В кампании, развязанной Корпорацией против разнообразной, но всяко соотносящейся с Данте деятельности, а также тех персон, кто, принадлежа к университету, таковой деятельностью занимался — сюда входили Дантов курс Джеймса Расселла Лоуэлла и перевод Генри Уодсворта Лонгфелло с прилагавшимся к нему Дантовым клубом, — попечители постановили избрать адвокатов, дабы те ради справедливого разрешения противоречий представили обе стороны. Защиту Данте совет поручил блестящему исследователю и аналитику верховному судье Артемусу Прескотту Хили. Тот, однако, никогда не причисляя себя к литераторам, отнесся к делу без особой страсти.

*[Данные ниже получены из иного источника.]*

lemma seq_expect_deviation:
  assumes "i < n" "a \<in> PiE {..<n} A" "is_distrib (A i) q"
  shows "seq_expect A {i..<n} ((policy_kernel s)(i := (\<lambda>_. q))) Q a
           = (\<Sum>k<i. charged_term k a) + (\<Sum>c\<in>A i. q c * action_value i a c)"
proof -
  let ?g = "(policy_kernel s)(i := (\<lambda>_. q))"
  have nonanticipating: "nonanticipating ?g k" for k
    by (rule nonanticipating_policy_kernel_upd)
  have distrib: "is_distrib (A k) (?g k a')" if "k \<in> {i..<n}" "a' \<in> PiE {..<n} A" for k a'
    using that assms(3) is_distrib_policy_kernel by auto
  have Q_split: "Q (override_on a b {i..<n}) = (\<Sum>k<i. charged_term k a) + tail_sum i (override_on a b {i..<n})"
    if "b \<in> PiE {i..<n} A" for b
  proof -
    have "override_on a b {i..<n} \<in> PiE {..<n} A"
      using that assms(2) by (auto simp: PiE_iff override_on_def extensional_def)
    moreover have "charged_term k (override_on a b {i..<n}) = charged_term k a" if "k < i" for k
      using that by (intro charged_term_cong_prefix) auto
    ultimately show ?thesis
      using assms(1) by (simp add: Q_eq_tail_sum tail_sum_0[of i])
  qed
  have "seq_expect A {i..<n} ?g Q a
      = seq_expect A {i..<n} ?g (\<lambda>x. (\<Sum>k<i. charged_term k a) + tail_sum i x) a"
    by (rule seq_expect_cong) (simp_all add: Q_split)
  also have "\<dots> = (\<Sum>k<i. charged_term k a) + seq_expect A {i..<n} ?g (tail_sum i) a"
    unfolding seq_expect_add
    by (subst seq_expect_const[where I = "{..<n}"]) (use assms(2) nonanticipating distrib in auto)
  also have "seq_expect A {i..<n} ?g (tail_sum i) a = (\<Sum>c\<in>A i. q c * action_value i a c)"
    by (subst seq_expect_tail_sum) (use assms(1,2) nonanticipating in auto)
  finally show ?thesis .
qed

lemma exp_dev_eq_average_action_value:
  assumes "i < n" "a \<in> PiE {..<n} A" "is_distrib (A i) q"
  shows "exp_dev n A Ed pol s i (restrict a (Nd Ed i)) q Q
           = seq_expect A ({..<i} - Nd Ed i) (policy_kernel s) (\<lambda>a'. \<Sum>k<i. charged_term k a') a
             + (\<Sum>c\<in>A i. q c * action_value i a c)"
proof -
  let ?g = "(policy_kernel s)(i := (\<lambda>_. q))"
  let ?K = "{..<i} - Nd Ed i"
  have split: "{..<n} - Nd Ed i = ?K \<union> {i..<n}"
    using assms(1) by (auto dest: Nd_less)
  have "exp_dev n A Ed pol s i (restrict a (Nd Ed i)) q Q = seq_expect A ?K ?g (seq_expect A {i..<n} ?g Q) a"
    unfolding exp_dev_eq_seq_expect[OF assms(1,2)] split
    by (rule seq_expect_Un) (auto simp: nonanticipating_policy_kernel_upd)
  also have "\<dots> = seq_expect A ?K (policy_kernel s)
                     (\<lambda>a'. (\<Sum>c\<in>A i. q c * action_value i a c) + (\<Sum>k<i. charged_term k a')) a"
  proof (rule seq_expect_cong)
    fix b assume "b \<in> PiE ?K A"
    then have a': "override_on a b ?K \<in> PiE {..<n} A"
      using assms(1,2) by (auto simp: PiE_iff override_on_def extensional_def)
    \<comment> \<open>the agents in ?K lie outside N_d(i), which is all that the action values of agent i see\<close>
    have "action_value i (override_on a b ?K) c = action_value i a c" for c
      using assms(1) by (intro action_value_cong) auto
    then show "seq_expect A {i..<n} ?g Q (override_on a b ?K)
        = (\<Sum>c\<in>A i. q c * action_value i a c) + (\<Sum>k<i. charged_term k (override_on a b ?K))"
      using seq_expect_deviation[OF assms(1) a' assms(3)] by simp
  next
    fix k b assume "k \<in> ?K"
    then show "?g k (override_on a b ?K) = policy_kernel s k (override_on a b ?K)"
      by simp
  qed
  also have "\<dots> = (\<Sum>c\<in>A i. q c * action_value i a c)
                    + seq_expect A ?K (policy_kernel s) (\<lambda>a'. \<Sum>k<i. charged_term k a') a"
    by (rule seq_expect_policy_kernel_add_const[OF _ assms(2)]) (use assms(1) in auto)
  finally show ?thesis
    by simp
qed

Просьбу стать защитником Данте Совет высказал Хили несколько лет тому назад. Очевидно, мысль о принятии чьей-либо стороны, пускай и за пределами судебной палаты, доставляла верховному судье неудобства, и он ответил отказом. Не готовый к такому обороту совет пустил дело на самотек и в день, когда решалась судьба Данте Алигьери, не высказал своей позиции вовсе.

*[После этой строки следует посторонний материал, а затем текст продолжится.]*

lemma rkhs_norm2_zero: "psd_kernel X K \<Longrightarrow> rkhs_norm2 X K (\<lambda>_. 0) = 0"
proof -
  assume psd: "psd_kernel X K"
  have "kexp X K (\<lambda>_. 0) = (\<lambda>_. 0)" unfolding kexp_def by auto
  then show ?thesis
    using rkhs_norm2_kexp[OF psd, of "\<lambda>_. 0"] by (simp add: kquad_def kbil_def)
qed

lemma in_rkhs_zero: "in_rkhs X K (\<lambda>_. 0)"
  unfolding in_rkhs_def kexp_def by (rule exI[of _ "\<lambda>_. 0"]) auto

lemma in_rkhs_diff:
  assumes "in_rkhs X K f" "in_rkhs X K g"
  shows "in_rkhs X K (\<lambda>z. f z - g z)"
proof -
  obtain c1 c2 where "f = kexp X K c1" "g = kexp X K c2"
    using assms unfolding in_rkhs_def by blast
  then have "(\<lambda>z. f z - g z) = kexp X K (\<lambda>z. c1 z - c2 z)"
    unfolding kexp_def by (auto simp: sum_subtractf left_diff_distrib)
  then show ?thesis unfolding in_rkhs_def by blast
qed

section \<open>The reproducing-kernel evaluation bound\<close>

lemma nonneg_quadratic_discriminant:
  fixes a b c :: real
  assumes nonneg: "\<forall>t. 0 \<le> a + 2 * t * b + t\<^sup>2 * c" and c: "0 \<le> c"
  shows "b\<^sup>2 \<le> a * c"
proof (cases "c = 0")
  case True
  show ?thesis
  proof (rule ccontr)
    assume "\<not> ?thesis"
    then have "b \<noteq> 0" using True by simp
    define t where "t = -(\<bar>a\<bar> + 1) / (2 * b)"
    have "2 * t * b = -(\<bar>a\<bar> + 1)" unfolding t_def using \<open>b \<noteq> 0\<close> by (simp add: field_simps)
    moreover have "0 \<le> a + 2 * t * b + t\<^sup>2 * c" using nonneg by blast
    ultimately show False using True by (simp add: abs_if split: if_splits)
  qed
next
  case False
  then have c_pos: "c > 0" using c by simp
  have "0 \<le> a + 2 * (-b/c) * b + (-b/c)\<^sup>2 * c" using nonneg by blast
  also have "\<dots> = a - b\<^sup>2 / c" using c_pos by (simp add: field_simps power2_eq_square)
  finally show ?thesis using c_pos by (simp add: field_simps)
qed

text \<open>Cauchy-Schwarz for the kernel form, tested against the indicator of a point:
  (f x)^2 <= ||f||^2 K(x,x).\<close>
lemma kexp_eval_sq_le:
  assumes psd: "psd_kernel X K" and fin: "finite X" and x: "x \<in> X"
  shows "(kexp X K c x)\<^sup>2 \<le> kquad X K c * K x x"
proof -
  define e where "e = (\<lambda>z. if z = x then 1 else (0::real))"
  have pick: "(\<Sum>z\<in>X. e z * g z) = g x" for g :: "'a \<Rightarrow> real"
  proof -
    have "(\<Sum>z\<in>X. e z * g z) = (\<Sum>z\<in>X. if z = x then g z else 0)"
      unfolding e_def by (intro sum.cong) auto
    then show ?thesis using fin x by simp
  qed
  have bil: "kbil X K c e = kexp X K c x"
    by (simp add: kbil_kexp pick)
  have quad: "kquad X K e = K x x"
    using x by (simp add: kquad_def kbil_kexp pick kexp_def)
  have expand: "kquad X K (\<lambda>z. c z + t * e z)
      = kquad X K c + 2 * t * kbil X K c e + t\<^sup>2 * kquad X K e" for t
  proof -
    have "kquad X K (\<lambda>z. c z + t * e z)
        = kquad X K c + t * kbil X K c e + t * kbil X K e c + t\<^sup>2 * kquad X K e"
      by (simp add: kquad_def kbil_def algebra_simps sum.distrib sum_distrib_left power2_eq_square)
    then show ?thesis using kbil_sym[OF psd, of e c] by simp
  qed
  have "\<forall>t. 0 \<le> kquad X K c + 2 * t * kbil X K c e + t\<^sup>2 * kquad X K e"
    using kquad_nonneg[OF psd] expand by metis
  from nonneg_quadratic_discriminant[OF this kquad_nonneg[OF psd]]
  show ?thesis unfolding bil quad .
qed

lemma rkhs_eval_bound:
  assumes psd: "psd_kernel X K" and fin: "finite X" and f: "in_rkhs X K f" and x: "x \<in> X"
    and kappa: "0 \<le> \<kappa>" "\<forall>z\<in>X. K z z \<le> \<kappa>\<^sup>2"
  shows "\<bar>f x\<bar> \<le> \<kappa> * rkhs_norm X K f"
proof -
  obtain c where f_eq: "f = kexp X K c" using f unfolding in_rkhs_def by blast
  have norm: "rkhs_norm X K f = sqrt (kquad X K c)"
    unfolding rkhs_norm_def f_eq rkhs_norm2_kexp[OF psd] ..
  have "(f x)\<^sup>2 \<le> kquad X K c * K x x"
    unfolding f_eq by (rule kexp_eval_sq_le[OF psd fin x])
  also have "\<dots> \<le> kquad X K c * \<kappa>\<^sup>2"
    using kappa x kquad_nonneg[OF psd] by (simp add: mult_left_mono)
  finally have "sqrt ((f x)\<^sup>2) \<le> sqrt (kquad X K c * \<kappa>\<^sup>2)" by (rule real_sqrt_le_mono)
  then show ?thesis using norm kappa by (simp add: real_sqrt_mult mult.commute)
qed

История отречения Хили занимала в записях Корпорации две строки. Разглядевший подтекст Лоуэлл заговорил первым:
— Лонгфелло был прав, — прошептал он. — Хили — не Понтий Пилат.

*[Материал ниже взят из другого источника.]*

(* Let $\psi(x)=6x^5-15x^4+10x^3$ and, for $n\in\mathbb{N}$, $f_n(x)=\psi\big(0\vee(|x|-(n-1))\wedge1\big)$. For each $n\in\mathbb{N}^*$, $f_n$ is $C^2$, even, non-decreasing on $\mathbb{R}_+$, equal to $0$ on $[-(n-1),n-1]$ and to $1$ on $(-n,n)^c$; moreover $f_0\equiv1$. Furthermore, for $\alpha\in(0,2)$, $$\sup_{n\in\mathbb{N}^*,x\in\mathbb{R}}|D^\alpha f_n(x)|<+\infty,$$ and for each $n\in\mathbb{N}^*$ and $x\in(-n+1,n-1)$, $|D^\alpha f_n(x)|\le\frac{2}{\alpha(n-1-|x|)^\alpha}$. Finally, if $\eta>0$, $X(x)$ ($x\in\mathbb{R}$) are symmetric real random variables and $\sigma:\mathbb{R}\to\mathbb{R}_+$ is bounded with $\lim_{u\to\infty}\sup_x|u^\alpha\mathbb{P}(|X(x)|\ge u)-2\sigma(x)/\alpha|=0$, and $M_K(x,dh)$ is the law of $X(x)/K^{\eta/\alpha}$, then $$\lim_{K\to\infty}K^\eta\int_\mathbb{R}(f_n(x+h)-f_n(x))M_K(x,dh)=\sigma(x)D^\alpha f_n(x)$$ uniformly in $n\in\mathbb{N}^*$ and $x\in\mathbb{R}$.
   Context: $D^\alpha f(x)=\int_\mathbb{R}(f(x+h)-f(x)-f'(x)h\mathbf{1}_{\{|h|\le1\}})\frac{dh}{|h|^{1+\alpha}}$ denotes the fractional Laplacian of order $\alpha\in(0,2)$. *)

theory Defs
  imports "HOL-Probability.Probability"
begin

definition psi :: "real \<Rightarrow> real" where
  "psi x = 6 * x ^ 5 - 15 * x ^ 4 + 10 * x ^ 3"

definition fn :: "nat \<Rightarrow> real \<Rightarrow> real" where
  "fn n x = psi (min (max 0 (\<bar>x\<bar> - (real n - 1))) 1)"

definition frac_lap :: "real \<Rightarrow> (real \<Rightarrow> real) \<Rightarrow> real \<Rightarrow> real" where
  "frac_lap \<alpha> f x = (LINT h|lborel.
      (f (x + h) - f x - deriv f x * h * indicator {-1..1} h) / \<bar>h\<bar> powr (1 + \<alpha>))"

definition C2 :: "(real \<Rightarrow> real) \<Rightarrow> bool" where
  "C2 f \<longleftrightarrow> (\<forall>x. f differentiable at x) \<and> (\<forall>x. deriv f differentiable at x)
     \<and> continuous_on UNIV (deriv (deriv f))"

end

theory Submission
  imports Defs
begin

Филдс взглянул на него поверх золотой оправы очков.
— Ничтожный — тот, кто свершил, по словам Данте, Великое Отречение, — объяснил Лоуэлл. — Лишь одна душа, избранная Данте на пути сквозь преддверье Ада. Я видел в нем Понтия Пилата, умывшего руки, когда решалась судьба Христа — так умывал руки Хили, когда пред судом представал Томас Симс и прочие беглые рабы. Однако Лонгфелло — нет, Лонгфелло и Грин! — убеждены, что Великое Отречение свершил Целестин, ибо он отверг пост, но не человека. Целестин отрекся от папского престола, дарованного ему в пору, когда католическая церковь более всего в том нуждалась. За отречением последовало возвышение Бонифация и в конечном итоге — изгнание Данте. Отказавшись встать на защиту поэта, Хили отверг пост величайшей важности. Данте был изгнан вновь.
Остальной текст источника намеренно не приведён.